Download it from http://snap.stanford.edu/data/amazon/productGraph/categoryFiles/reviews_Apps_for_Android_5.json.gz

In [5]:
import pandas as pd
import gzip
from pprint import pprint
import matplotlib
import numpy as np
import matplotlib.pyplot as plt

%matplotlib inline

In [7]:
ls data

meta_Apps_for_Android.json.gz       reviews_Apps_for_Android_5.json
ratings_Apps_for_Android.csv        reviews_Apps_for_Android_5.json.gz
ratings_Movies_and_TV.csv


In [8]:
#as given in the site

def parse(path):
  g = gzip.open(path, 'rb')
  for l in g:
    yield eval(l)

def getDF(path):
  i = 0
  df = {}
  for d in parse(path):
    df[i] = d
    i += 1
  return pd.DataFrame.from_dict(df, orient='index')


In [9]:
df = getDF('data/reviews_Apps_for_Android_5.json.gz')

In [10]:
df.head()

Unnamed: 0,reviewerID,asin,reviewerName,helpful,reviewText,overall,summary,unixReviewTime,reviewTime
0,A1N4O8VOJZTDVB,B004A9SDD8,Annette Yancey,"[1, 1]","Loves the song, so he really couldn't wait to ...",3.0,Really cute,1383350400,"11 2, 2013"
1,A2HQWU6HUKIEC7,B004A9SDD8,"Audiobook lover ""Kathy""","[0, 0]","Oh, how my little grandson loves this app. He'...",5.0,2-year-old loves it,1323043200,"12 5, 2011"
2,A1SXASF6GYG96I,B004A9SDD8,Barbara Gibbs,"[0, 0]",I found this at a perfect time since my daught...,5.0,Fun game,1337558400,"05 21, 2012"
3,A2B54P9ZDYH167,B004A9SDD8,"Brooke Greenstreet ""Babylove""","[3, 4]",My 1 year old goes back to this game over and ...,5.0,We love our Monkeys!,1354752000,"12 6, 2012"
4,AFOFZDTX5UC6D,B004A9SDD8,C. Galindo,"[1, 1]",There are three different versions of the song...,5.0,This is my granddaughters favorite app on my K...,1391212800,"02 1, 2014"


<br>
<br>
## metadata:

    reviewerID - ID of the reviewer, e.g.
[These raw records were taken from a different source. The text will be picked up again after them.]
definition AltAx :: "'p fm set" where
  "AltAx =
     {Iff (Cond \<phi> \<pi>) (Box (Imp \<phi> \<pi>)) | \<phi> \<pi>. nonmodal \<pi>}
   \<union> {Iff (Cond \<phi> (Conj \<alpha> \<beta>)) (Conj (Cond \<phi> \<alpha>) (Cond \<phi> \<beta>)) | \<phi> \<alpha> \<beta>. True}
   \<union> {Iff (Cond \<phi> (Or \<alpha> (Box \<beta>))) (Or (Cond \<phi> \<alpha>) (Cond \<phi> \<beta>)) | \<phi> \<alpha> \<beta>. True}
   \<union> {Iff (Cond \<phi> (Or \<alpha> (Dia \<beta>))) (Or (Cond \<phi> \<alpha>) (Neg (Cond \<phi> (Neg \<beta>)))) | \<phi> \<alpha> \<beta>. True}"

end

theory Submission
  imports Defs
begin

text \<open>Both logics share their rules, so it suffices to derive the extra axioms of each
  in the other. Over I1, I2 the schemes A3 and A4 split into one direction given by I5
  resp. I6 and a converse obtained from I3 together with I4 resp. I7; conversely, I5 and
  I6 are halves of A3 and A4, while I3, I4 and I7 follow from A2, A3 and A4 by replacing
  propositionally equivalent consequents of a conditional.\<close>

lemma thm_of_mono:
  assumes "thm_of B \<phi>" and "\<And>\<psi>. \<psi> \<in> B \<Longrightarrow> thm_of A \<psi>"
  shows "thm_of A \<phi>"
  using assms by (induction rule: thm_of.induct) (auto intro: thm_of.intros)

lemmas connective_defs = Imp_def Iff_def Or_def Dia_def

text \<open>Boxed formulas and conditionals count as propositional letters.\<close>

fun pval :: "('p fm \<Rightarrow> bool) \<Rightarrow> 'p fm \<Rightarrow> bool" where
  "pval V (Neg a) = (\<not> pval V a)"
| "pval V (Conj a b) = (pval V a \<and> pval V b)"
| "pval V a = V a"

fun prop_letters :: "'p fm \<Rightarrow> 'p fm list" where
  "prop_letters (Neg a) = prop_letters a"
| "prop_letters (Conj a b) = prop_letters a @ prop_letters b"
| "prop_letters a = [a]"

primrec pos :: "'a list \<Rightarrow> 'a \<Rightarrow> nat" where
  "pos [] x = 0"
| "pos (y # ys) x = (if x = y then 0 else Suc (pos ys x))"

lemma nth_pos: "x \<in> set xs \<Longrightarrow> xs ! pos xs x = x"
  by (induction xs) auto

fun skeleton :: "'p fm list \<Rightarrow> 'p fm \<Rightarrow> nat fm" where
  "skeleton xs (Neg a) = Neg (skeleton xs a)"
| "skeleton xs (Conj a b) = Conj (skeleton xs a) (skeleton xs b)"
| "skeleton xs a = Atom (pos xs a)"

lemma nonmodal_skeleton: "nonmodal (skeleton xs \<phi>)"
  by (induction xs \<phi> rule: skeleton.induct) auto

lemma subst_skeleton:
  "set (prop_letters \<phi>) \<subseteq> set xs \<Longrightarrow> subst ((!) xs) (skeleton xs \<phi>) = \<phi>"
  by (induction xs \<phi> rule: skeleton.induct) (auto simp: nth_pos)

lemma peval_skeleton: "peval v (skeleton xs \<phi>) = pval (v \<circ> pos xs) \<phi>"
  by (induction xs \<phi> rule: skeleton.induct) auto

text \<open>A formula is a substitution instance of its skeleton, whose classical truth
  table is the pval-truth table of the formula.\<close>

lemma thm_of_taut:
  assumes "\<And>V. pval V \<phi>"
  shows "thm_of Ax \<phi>"
proof (rule thm_of.taut)
  let ?xs = "prop_letters \<phi>"
  have "taut (skeleton ?xs \<phi>)"
    using assms by (simp add: taut_def nonmodal_skeleton peval_skeleton)
  moreover have "\<phi> = subst ((!) ?xs) (skeleton ?xs \<phi>)"
    by (simp add: subst_skeleton)
  ultimately show "taut_inst \<phi>"
    unfolding taut_inst_def by blast
qed

lemma thm_of_prop1:
  assumes "thm_of Ax a" and "\<And>V. pval V a \<Longrightarrow> pval V b"
  shows "thm_of Ax b"
  by (rule thm_of.mp[OF thm_of_taut assms(1)]) (simp add: connective_defs assms(2))

lemma thm_of_prop2:
  assumes "thm_of Ax a" "thm_of Ax b" and "\<And>V. pval V a \<Longrightarrow> pval V b \<Longrightarrow> pval V c"
  shows "thm_of Ax c"
  by (rule thm_of.mp[OF thm_of_prop1[OF assms(1)] assms(2)]) (simp add: connective_defs assms(3))

lemma thm_of_prop3:
  assumes "thm_of Ax a" "thm_of Ax b" "thm_of Ax c"
    and "\<And>V. pval V a \<Longrightarrow> pval V b \<Longrightarrow> pval V c \<Longrightarrow> pval V d"
  shows "thm_of Ax d"
  by (rule thm_of.mp[OF thm_of_prop2[OF assms(1,2)] assms(3)]) (simp add: connective_defs assms(4))

lemma cond_cong_taut:
  assumes "\<And>V. pval V a = pval V b"
  shows "thm_of Ax (Iff (Cond \<phi> a) (Cond \<phi> b))"
  by (rule thm_of.re[OF thm_of_taut repl.condR[OF repl.here]]) (simp add: connective_defs assms)

lemma cond_Or_commute: "thm_of Ax (Iff (Cond \<phi> (Or a b)) (Cond \<phi> (Or b a)))"
  by (rule cond_cong_taut) (auto simp: Or_def)

lemma cond_Or_Dia_Neg_Neg: "thm_of Ax (Iff (Cond \<phi> (Or a (Dia (Neg (Neg b))))) (Cond \<phi> (Or a (Dia b))))"
  unfolding Or_def Dia_def
  by (rule thm_of.re[OF thm_of_taut[of "Iff (Neg (Neg b)) b"]])
     (auto simp: connective_defs intro!: repl.intros)

lemma alt_A1: "nonmodal \<pi> \<Longrightarrow> thm_of AltAx (Iff (Cond \<phi> \<pi>) (Box (Imp \<phi> \<pi>)))"
  by (rule thm_of.ax) (unfold AltAx_def, blast)

lemma alt_A2: "thm_of AltAx (Iff (Cond \<phi> (Conj \<alpha> \<beta>)) (Conj (Cond \<phi> \<alpha>) (Cond \<phi> \<beta>)))"
  by (rule thm_of.ax) (unfold AltAx_def, blast)

lemma alt_A3: "thm_of AltAx (Iff (Cond \<phi> (Or \<alpha> (Box \<beta>))) (Or (Cond \<phi> \<alpha>) (Cond \<phi> \<beta>)))"
  by (rule thm_of.ax) (unfold AltAx_def, blast)

lemma alt_A4:
  "thm_of AltAx (Iff (Cond \<phi> (Or \<alpha> (Dia \<beta>))) (Or (Cond \<phi> \<alpha>) (Neg (Cond \<phi> (Neg \<beta>)))))"
  by (rule thm_of.ax) (unfold AltAx_def, blast)

text \<open>I3 follows from A2 since \<alpha> is equivalent to \<alpha> \<and> (\<alpha> \<or> \<beta>); I4 and I7 are the
  instances of A3 and A4 with the contradiction \<alpha> \<and> \<not>\<alpha> as left disjunct.\<close>

lemma alt_I3: "thm_of AltAx (Imp (Cond \<phi> \<alpha>) (Cond \<phi> (Or \<alpha> \<beta>)))"
  by (rule thm_of_prop2[OF cond_cong_taut[of \<alpha> "Conj \<alpha> (Or \<alpha> \<beta>)"]
        alt_A2[of \<phi> \<alpha> "Or \<alpha> \<beta>"]])
     (auto simp: connective_defs)

lemma alt_I4: "thm_of AltAx (Imp (Cond \<phi> \<alpha>) (Cond \<phi> (Box \<alpha>)))"
  by (rule thm_of_prop2[OF alt_A3[of \<phi> "Conj \<alpha> (Neg \<alpha>)" \<alpha>]
        cond_cong_taut[of "Or (Conj \<alpha> (Neg \<alpha>)) (Box \<alpha>)" "Box \<alpha>"]])
     (auto simp: connective_defs)

lemma alt_I5: "thm_of AltAx (Imp (Conj (Cond \<phi> (Or \<alpha> (Box \<beta>))) (Neg (Cond \<phi> \<beta>))) (Cond \<phi> \<alpha>))"
  by (rule thm_of_prop1[OF alt_A3[of \<phi> \<alpha> \<beta>]]) (auto simp: connective_defs)

lemma alt_I6: "thm_of AltAx (Imp (Conj (Cond \<phi> (Or \<alpha> (Dia \<beta>))) (Cond \<phi> (Neg \<beta>))) (Cond \<phi> \<alpha>))"
  by (rule thm_of_prop1[OF alt_A4[of \<phi> \<alpha> \<beta>]]) (auto simp: connective_defs)

lemma alt_I7: "thm_of AltAx (Imp (Neg (Cond \<phi> \<beta>)) (Cond \<phi> (Dia (Neg \<beta>))))"
  by (rule thm_of_prop3[OF alt_A4[of \<phi> "Conj \<beta> (Neg \<beta>)" "Neg \<beta>"]
        cond_cong_taut[of "Neg (Neg \<beta>)" \<beta>]
        cond_cong_taut[of "Or (Conj \<beta> (Neg \<beta>)) (Dia (Neg \<beta>))" "Dia (Neg \<beta>)"]])
     (auto simp: connective_defs)

lemma yalcin_axioms_in_alt: "\<psi> \<in> YalcinAx \<Longrightarrow> thm_of AltAx \<psi>"
  unfolding YalcinAx_def using alt_A1 alt_A2 alt_I3 alt_I4 alt_I5 alt_I6 alt_I7 by blast

lemma yalcin_I1: "nonmodal \<pi> \<Longrightarrow> thm_of YalcinAx (Iff (Cond \<phi> \<pi>) (Box (Imp \<phi> \<pi>)))"
  by (rule thm_of.ax) (unfold YalcinAx_def, blast)
lemma
  fixes M :: "'b \<Rightarrow> 'b \<Rightarrow> 'a::comm_ring_1 poly"
  assumes fin: "finite V" and deg: "\<And>i j. i \<in> V \<Longrightarrow> j \<in> V \<Longrightarrow> degree (M i j) \<le> k"
  shows coeff_det_on_at_degree_bound:
      "coeff (det_on V M) (k * card V) = det_on V (\<lambda>i j. coeff (M i j) k)"
    and degree_det_on_le: "degree (det_on V M) \<le> k * card V"
proof -
  have summand: "coeff (\<Prod>i\<in>V. M i (p i)) (k * card V) = (\<Prod>i\<in>V. coeff (M i (p i)) k)
      \<and> degree (\<Prod>i\<in>V. M i (p i)) \<le> k * card V" if "p permutes V" for p
    using that by (intro coeff_prod_at_degree_bound[OF fin] deg) (auto simp: permutes_in_image)
  show "coeff (det_on V M) (k * card V) = det_on V (\<lambda>i j. coeff (M i j) k)"
    unfolding det_on_def coeff_sum using summand by (simp add: of_int_poly)
  show "degree (det_on V M) \<le> k * card V"
    unfolding det_on_def
  proof (rule degree_sum_le)
    fix p assume "p \<in> {p. p permutes V}"
    then show "degree (of_int (sign p) * (\<Prod>i\<in>V. M i (p i))) \<le> k * card V"
      using summand degree_mult_le[of "of_int (sign p)" "\<Prod>i\<in>V. M i (p i)"] by fastforce
  qed (rule finite_permutations[OF fin])
qed

section \<open>A block determinant\<close>

definition sum_into_first_col_mat :: "nat \<Rightarrow> 'a::semiring_1 mat" where
  "sum_into_first_col_mat m = mat m m (\<lambda>(i,j). if i = j \<or> j = 0 then 1 else 0)"

definition arrow_mat :: "nat \<Rightarrow> 'a \<Rightarrow> 'a \<Rightarrow> 'a \<Rightarrow> 'a::comm_ring_1 mat" where
  "arrow_mat m c d a = mat m m (\<lambda>(i,j). if j = 0 then (if i = 0 then c else 0)
     else if i = 0 then d else if i = j then a else 0)"
(* For $\tau$ in the upper half-plane, $$\frac{(v^2(\tau)+1)^2}{v^4(\tau)-6v^2(\tau)+1}=\frac{4}{\mathfrak{b}^2(4\tau)}.$$
   Context: $q=e^{2\pi i\tau}$, $q^r:=e^{2\pi i r\tau}$. $v(\tau)=q^{1/2}\prod_{n\ge1}(1-q^n)^{\left(\frac{8}{n}\right)}$ with $\left(\frac{8}{n}\right)$ the Kronecker symbol, and $\mathfrak{b}(\tau)=2\prod_{n\ge1}\left(\frac{1-q^{n/2-1/4}}{1+q^{n/2-1/4}}\right)^2$. *)

theory Defs
  imports "HOL-Analysis.Analysis"
begin

definition qpow :: "complex \<Rightarrow> real \<Rightarrow> complex" where
  "qpow \<tau> r = exp (2 * of_real pi * \<i> * of_real r * \<tau>)"

definition kron8 :: "nat \<Rightarrow> int" where
  "kron8 n = (if even n then 0
              else if n mod 8 = 1 \<or> n mod 8 = 7 then 1 else -1)"

definition v_fun :: "complex \<Rightarrow> complex" where
  "v_fun \<tau> = qpow \<tau> (1/2) *
     (\<Prod>m. (1 - qpow \<tau> (real (Suc m))) powi kron8 (Suc m))"

definition b_fun :: "complex \<Rightarrow> complex" where
  "b_fun \<tau> = 2 *
     (\<Prod>m. ((1 - qpow \<tau> (real (Suc m) / 2 - 1/4)) /
            (1 + qpow \<tau> (real (Suc m) / 2 - 1/4))) ^ 2)"

end

(*
  Put x = q. By the Jacobi triple product, v and b are quotients of theta series:
  v^2 = x (Y/X)^2 and b(4 tau) = 2 T4/T3, where
    T3 = sum x^(n^2),  T4 = sum (-1)^n x^(n^2),
    X = sum (-1)^n x^(4n^2+n),  Y = sum (-1)^n x^(4n^2+3n)   (sums over all integers n).
  Three relations between theta series then suffice:
  (1) splitting n by parity, T3 = A + x B and T4 = A - x B,
      where A = sum x^(4n^2) and B = sum x^(4n^2+4n);
  (2) pairing (m, n) with (s + t, s - t) or (-s - t - 1, t - s), P = X^2 + x Y^2
      for P = (sum x^(2m^2+m)) (sum (-1)^n x^(2n^2));
  (3) A B P^2 = 2 T3^2 X^2 Y^2, which becomes a rational identity once every theta series is
      written as a product of the sixteen products prod_n (1 - x^(16n+r)), 1 <= r <= 16.
  Writing w = v^2 and T = T4/T3, they give (1 - T^2)(w + 1)^2 = 8w, i.e.
  w^2 - 6w + 1 = T^2 (w + 1)^2, which is the claim.
*)

theory Submission
  imports Defs
begin

section \<open>Partial products\<close>

text \<open>Convergence of the partial products to a possibly zero limit; unlike \<open>has_prod\<close>, this is
  the right notion for the Jacobi triple product, whose factors may vanish.\<close>

definition prods :: "(nat \<Rightarrow> 'a::real_normed_field) \<Rightarrow> 'a \<Rightarrow> bool" (infixr "prods" 80) where
  "f prods L \<longleftrightarrow> (\<lambda>n. \<Prod>i<n. f i) \<longlonglongrightarrow> L"

lemma prods_mult: "f prods L \<Longrightarrow> g prods M \<Longrightarrow> (\<lambda>n. f n * g n) prods (L * M)"
  unfolding prods_def by (simp add: prod.distrib tendsto_mult)

lemma prods_divide: "f prods L \<Longrightarrow> g prods M \<Longrightarrow> M \<noteq> 0 \<Longrightarrow> (\<lambda>n. f n / g n) prods (L / M)"
  unfolding prods_def by (simp add: prod_dividef tendsto_divide)

lemma prods_power: "f prods L \<Longrightarrow> (\<lambda>n. f n ^ k) prods (L ^ k)"
  unfolding prods_def prod_power_distrib[symmetric] by (rule tendsto_power)

lemma prods_prod:
  "finite I \<Longrightarrow> (\<And>i. i \<in> I \<Longrightarrow> f i prods L i) \<Longrightarrow> (\<lambda>n. \<Prod>i\<in>I. f i n) prods (\<Prod>i\<in>I. L i)"
  unfolding prods_def by (subst prod.swap) (rule tendsto_prod, auto)

lemma prods_unique: "f prods L \<Longrightarrow> f prods M \<Longrightarrow> L = M"
  unfolding prods_def using LIMSEQ_unique by blast
(* Let $m>n>0$ be relatively prime integers and $(r,s)\in\mathbb{Z}^2$. Then $(r,s)=\beta(m,\,m-n)$ if and only if $(s,\,r-s)=\beta(2m-n,\,m)$.
   Context: For relatively prime integers $a>b>0$, $\beta(a,b)$ denotes the Bézout coefficients given by the Euclidean algorithm: with $a=q_1b+r_1$, $b=q_2r_1+r_2$, $\dots$, $r_{k-2}=q_kr_{k-1}+r_k$, $r_{k-1}=1$, $r_k=0$ ($r_{-1}=a$, $r_0=b$), write $\begin{pmatrix}a\\ b\end{pmatrix}=M\begin{pmatrix}1\\0\end{pmatrix}$ with $M=\prod_{i=1}^k\begin{pmatrix}q_i&1\\1&0\end{pmatrix}$; then $\beta(a,b)$ is the first row of $M^{-1}$, and $\beta(a,b)=(r,s)$ satisfies $ra+sb=1$. *)

theory Defs
  imports "HOL-Analysis.Analysis"
begin

function euclid_quots :: "int \<Rightarrow> int \<Rightarrow> int list" where
  "euclid_quots a b = (if b \<le> 0 then [] else (a div b) # euclid_quots b (a mod b))"
  by auto
termination
  by (relation "Wellfounded.measure (\<lambda>(a, b). nat b)") auto

definition qmat :: "int \<Rightarrow> int^2^2" where
  "qmat q = (\<chi> i j. if i = 1 \<and> j = 1 then q else if i = 2 \<and> j = 2 then 0 else 1)"

definition euclid_M :: "int \<Rightarrow> int \<Rightarrow> int^2^2" where
  "euclid_M a b = foldr (\<lambda>q A. qmat q ** A) (euclid_quots a b) (mat 1)"

definition beta :: "int \<Rightarrow> int \<Rightarrow> int \<times> int" where
  "beta a b = (matrix_inv (euclid_M a b) $ 1 $ 1, matrix_inv (euclid_M a b) $ 1 $ 2)"

end

theory Submission
  imports Defs
begin

text \<open>Prepending the quotient q to the Euclidean algorithm multiplies M on the left by
  [[q,1],[1,0]], so M^{-1} is multiplied on the right by [[0,1],[1,-q]], whose first row
  change is (r, s) \<mapsto> (s, r - q s). The step from (m, m - n) to (2m - n, m) is q = 1.\<close>

lemma matrix_inv_eqI:
  fixes A :: "'a::semiring_1^'n^'n" and B :: "'a^'n^'n"
  assumes "A ** B = mat 1" and "B ** A = mat 1"
  shows "matrix_inv A = B"
proof -
  have inv: "A ** matrix_inv A = mat 1 \<and> matrix_inv A ** A = mat 1"
    unfolding matrix_inv_def by (rule someI[of _ B]) (use assms in auto)
  have "matrix_inv A = (B ** A) ** matrix_inv A"
    using assms by (simp add: matrix_mul_lid)
  also have "\<dots> = B ** (A ** matrix_inv A)"
    by (simp add: matrix_mul_assoc)
  also have "\<dots> = B"
    using inv by (simp add: matrix_mul_rid)
  finally show ?thesis .
qed

lemma matrix_inv_invertible:
  fixes A :: "'a::semiring_1^'n^'n"
  assumes "invertible A"
  shows "A ** matrix_inv A = mat 1" and "matrix_inv A ** A = mat 1"
  using someI_ex[OF assms[unfolded invertible_def]] unfolding matrix_inv_def by auto

lemma matrix_inv_mult:
  fixes A B :: "'a::semiring_1^'n^'n"
  assumes "invertible A" and "invertible B"
  shows "matrix_inv (A ** B) = matrix_inv B ** matrix_inv A"
proof (rule matrix_inv_eqI)
  note A = matrix_inv_invertible[OF assms(1)] and B = matrix_inv_invertible[OF assms(2)]
  show "A ** B ** (matrix_inv B ** matrix_inv A) = mat 1"
    by (metis A(1) B(1) matrix_mul_assoc matrix_mul_rid)
  show "matrix_inv B ** matrix_inv A ** (A ** B) = mat 1"
    by (metis A(2) B(2) matrix_mul_assoc matrix_mul_rid)
qed

definition qmat_inv :: "int \<Rightarrow> int^2^2" where
  "qmat_inv q = (\<chi> i j. if i = 1 \<and> j = 1 then 0 else if i = 2 \<and> j = 2 then -q else 1)"

lemma qmat_mult_qmat_inv: "qmat q ** qmat_inv q = mat 1" "qmat_inv q ** qmat q = mat 1"
  by (simp_all add: qmat_def qmat_inv_def matrix_matrix_mult_def vec_eq_iff forall_2 sum_2 mat_def)

lemma invertible_qmat: "invertible (qmat q)"
  unfolding invertible_def using qmat_mult_qmat_inv by blast

lemma matrix_inv_qmat: "matrix_inv (qmat q) = qmat_inv q"
  by (rule matrix_inv_eqI) (fact qmat_mult_qmat_inv)+

lemma invertible_euclid_M: "invertible (euclid_M a b)"
proof -
  have "invertible (foldr (\<lambda>q A. qmat q ** A) qs (mat 1 :: int^2^2))" for qs
  proof (induction qs)
    case Nil
    show ?case
      unfolding invertible_def by (auto intro!: exI[of _ "mat 1"] simp: matrix_mul_lid)
  next
    case (Cons q qs)
    then show ?case
      using invertible_qmat invertible_mult by auto
  qed
  then show ?thesis
    unfolding euclid_M_def .
qed

lemma euclid_quots_step:
  assumes "0 \<le> b" and "b < a"
  shows "euclid_quots (q * a + b) a = q # euclid_quots a b"
proof -
  have "(q * a + b) div a = q" and "(q * a + b) mod a = b"
    using assms by (simp_all add: div_pos_pos_trivial mod_pos_pos_trivial)
  then show ?thesis
    using assms by (subst euclid_quots.simps) simp
qed

lemma euclid_M_step:
  assumes "0 \<le> b" and "b < a"
  shows "euclid_M (q * a + b) a = qmat q ** euclid_M a b"
  unfolding euclid_M_def euclid_quots_step[OF assms] by simp

lemma beta_step:
  assumes "0 \<le> b" and "b < a"
  shows "beta (q * a + b) a = (snd (beta a b), fst (beta a b) - q * snd (beta a b))"
proof -
  have "matrix_inv (euclid_M (q * a + b) a) = matrix_inv (euclid_M a b) ** qmat_inv q"
    unfolding euclid_M_step[OF assms]
    by (simp add: matrix_inv_mult invertible_qmat invertible_euclid_M matrix_inv_qmat)
  then show ?thesis
    unfolding beta_def by (simp add: qmat_inv_def matrix_matrix_mult_def sum_2)
qed

theorem lemma2p3:
  fixes m n r s :: int
  assumes "m > n" and "n > 0" and "coprime m n"
  shows "(r, s) = beta m (m - n) \<longleftrightarrow> (s, r - s) = beta (2 * m - n) m"
proof -
  have "beta (2 * m - n) m = beta (1 * m + (m - n)) m"
    by simp
  also have "\<dots> = (snd (beta m (m - n)), fst (beta m (m - n)) - snd (beta m (m - n)))"
    using assms by (simp only: beta_step) simp
  finally show ?thesis
    by (cases "beta m (m - n)") auto
qed

end
lemma prog_lce_correct: "hoare_time (post_init u) prog_lce (post_lce u) (13 * (length u + 1)^2)"
proof -
  have "hoare_time (post_init u) prog_lce (post_lce u) (2 + ((length u + 1) * ((1 + (((length u + 1) * (4 + 1) + 1) + 2)) + 1) + 1))"
    unfolding prog_lce_def
  proof (rule hoare_time_Seq)
    show "hoare_time (post_init u) (Seq (Assign ''a'' (V ''n'')) (Assign ''aW'' (V ''NW''))) (inv_lce_row u 0) 2"
      by (rule hoare_time_loop_free) (auto simp: post_init_def inv_lce_row_def input_regs_def unwritten_from_reach_def zeroed_def lce_filled_def)
    have "hoare_time (inv_lce_row u 0) (While (Less (N (-1)) (V ''a'')) lce_row) (inv_lce_row u (length u + 1))
       ((length u + 1) * ((1 + (((length u + 1) * (4 + 1) + 1) + 2)) + 1) + 1)"
    proof (rule hoare_time_While)
      fix m s assume "m < length u + 1" "inv_lce_row u m s" then show "bval (Less (N (-1)) (V ''a'')) s"
        by (simp add: inv_lce_row_def)
    next
      fix s assume "inv_lce_row u (length u + 1) s" then show "\<not> bval (Less (N (-1)) (V ''a'')) s"
        by (simp add: inv_lce_row_def)
    next
      fix m assume "m < length u + 1" then show "hoare_time (inv_lce_row u m) lce_row (inv_lce_row u (Suc m)) (1 + (((length u + 1) * (4 + 1) + 1) + 2))"
        by (rule lce_row_correct)
    qed
    then show "hoare_time (inv_lce_row u 0) (While (Less (N (-1)) (V ''a'')) lce_row) (post_lce u)
       ((length u + 1) * ((1 + (((length u + 1) * (4 + 1) + 1) + 2)) + 1) + 1)"
      by (rule hoare_time_conseq) (auto simp: inv_lce_row_def post_lce_def lce_table_def lce_filled_def)
  qed
  then show ?thesis by (rule hoare_time_conseq) (auto simp: power2_eq_square algebra_simps)
qed

text \<open>R[j W + l] = border_reach u j l and A[j W + l] = period_reach u j l for j + l \<le> n,
  each row filled by increasing l.\<close>

definition reach_body :: com where
  "reach_body = Seq (Seq (If (Less (V ''j'') (V ''l'')) (Assign ''tmp'' (Plus (V ''l'') (Arr ''L'' (V ''l'')))) (Assign ''tmp'' (N 0)))
                     (If (Less (Arr ''R'' (Minus (Plus (V ''jW'') (V ''l'')) (N 1))) (V ''tmp''))
                         (ArrAssign ''R'' (Plus (V ''jW'') (V ''l'')) (V ''tmp''))
                         (ArrAssign ''R'' (Plus (V ''jW'') (V ''l'')) (Arr ''R'' (Minus (Plus (V ''jW'') (V ''l'')) (N 1))))))
           (Seq (Seq (Assign ''tmp'' (Plus (Plus (V ''j'') (V ''l'')) (Arr ''L'' (Plus (V ''rW'') (V ''j'')))))
                     (If (Less (Arr ''A'' (Minus (Plus (V ''jW'') (V ''l'')) (N 1))) (V ''tmp''))
                         (ArrAssign ''A'' (Plus (V ''jW'') (V ''l'')) (V ''tmp''))
                         (ArrAssign ''A'' (Plus (V ''jW'') (V ''l'')) (Arr ''A'' (Minus (Plus (V ''jW'') (V ''l'')) (N 1))))))
                (Seq (Assign ''l'' (Plus (V ''l'') (N 1))) (Assign ''rW'' (Plus (V ''rW'') (V ''W'')))))"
A2SUAM1J3GNN3B

    asin - ID of the product, e.g. 0000013714

    reviewerName - name of the reviewer

    helpful - helpfulness rating of the review, e.g. 2/3

    reviewText - text of the review

    overall - rating of the product

    summary - summary of the review

    unixReviewTime - time of the review (unix time)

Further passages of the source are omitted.